(Stored records)
= Beginning of Section =
(* Let $\mathcal{B}\models I\Sigma_1$ and $\mathcal{A}\subseteq\mathcal{B}$ an $L$-substructure with universe $A$. For $y,z\in A$ write $y\sim z$ if $|y-z|\in\mathbb{N}$ (standard). Let $\mathcal{O}$ be a $\langle 0,+,\dot{-},\cdot\rangle$-substructure of $\mathcal{A}$ such that every $\sim$-class of $A$ contains exactly one element of $\mathcal{O}$, denoted $O_y$ for $y$ in that class, and let $\varepsilon:\mathcal{O}\to M^{good}_{\mathbb{P}}(\mathcal{B})$ be a $\langle 0,+,\dot{-},\cdot\rangle$-homomorphism such that every diagonal entry $\varepsilon(Q)_{pp}$ with $0\neq Q\in\mathcal{O}$ is nonstandard. Define, for $y\in A$, $\varepsilon(y)=\varepsilon(O_y)+\delta_y I$, where $\delta_y=y-O_y\in\mathbb{Z}$ and $I$ is the identity matrix. Then $\varepsilon: A\to M^{good}_{\mathbb{P}}(\mathcal{B})$ is a semiring homomorphism.
   Context: $L=\langle0,1,+,\cdot,\le\rangle$. $a\dot{-}b = a-b$ if $a\ge b$ and $0$ otherwise. $\mathbb{P}$ is the set of primes of $\mathcal{B}$. A $\mathbb{P}\times\mathbb{P}$-matrix $M$ over $B$ is good in $\mathcal{B}$ if for every $J\in B$ the set $\{(p,q,M_{pq}): q<J, M_{pq}\neq0\}$ is coded in $\mathcal{B}$ (via Gödel coding of finite sets in $I\Sigma_1$); $M^{good}_{\mathbb{P}}(\mathcal{B})$ is the semiring of such matrices with matrix addition and multiplication computed in $\mathcal{B}$. A semiring homomorphism preserves $0,1,+,\cdot$. *)

theory Defs
  imports Main
begin

record 'b Lstr =
  zer :: 'b
  on  :: 'b
  ad  :: "'b \<Rightarrow> 'b \<Rightarrow> 'b"
  mu  :: "'b \<Rightarrow> 'b \<Rightarrow> 'b"
  le  :: "'b \<Rightarrow> 'b \<Rightarrow> bool"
= End of Section =
Exercise aim:
Please copy, word for word, every line from the first line of the records through the line containing "theory Defs", with both of those lines included and nothing else.

Answer for this exercise:
(* Let $\mathcal{B}\models I\Sigma_1$ and $\mathcal{A}\subseteq\mathcal{B}$ an $L$-substructure with universe $A$. For $y,z\in A$ write $y\sim z$ if $|y-z|\in\mathbb{N}$ (standard). Let $\mathcal{O}$ be a $\langle 0,+,\dot{-},\cdot\rangle$-substructure of $\mathcal{A}$ such that every $\sim$-class of $A$ contains exactly one element of $\mathcal{O}$, denoted $O_y$ for $y$ in that class, and let $\varepsilon:\mathcal{O}\to M^{good}_{\mathbb{P}}(\mathcal{B})$ be a $\langle 0,+,\dot{-},\cdot\rangle$-homomorphism such that every diagonal entry $\varepsilon(Q)_{pp}$ with $0\neq Q\in\mathcal{O}$ is nonstandard. Define, for $y\in A$, $\varepsilon(y)=\varepsilon(O_y)+\delta_y I$, where $\delta_y=y-O_y\in\mathbb{Z}$ and $I$ is the identity matrix. Then $\varepsilon: A\to M^{good}_{\mathbb{P}}(\mathcal{B})$ is a semiring homomorphism.
   Context: $L=\langle0,1,+,\cdot,\le\rangle$. $a\dot{-}b = a-b$ if $a\ge b$ and $0$ otherwise. $\mathbb{P}$ is the set of primes of $\mathcal{B}$. A $\mathbb{P}\times\mathbb{P}$-matrix $M$ over $B$ is good in $\mathcal{B}$ if for every $J\in B$ the set $\{(p,q,M_{pq}): q<J, M_{pq}\neq0\}$ is coded in $\mathcal{B}$ (via Gödel coding of finite sets in $I\Sigma_1$); $M^{good}_{\mathbb{P}}(\mathcal{B})$ is the semiring of such matrices with matrix addition and multiplication computed in $\mathcal{B}$. A semiring homomorphism preserves $0,1,+,\cdot$. *)

theory Defs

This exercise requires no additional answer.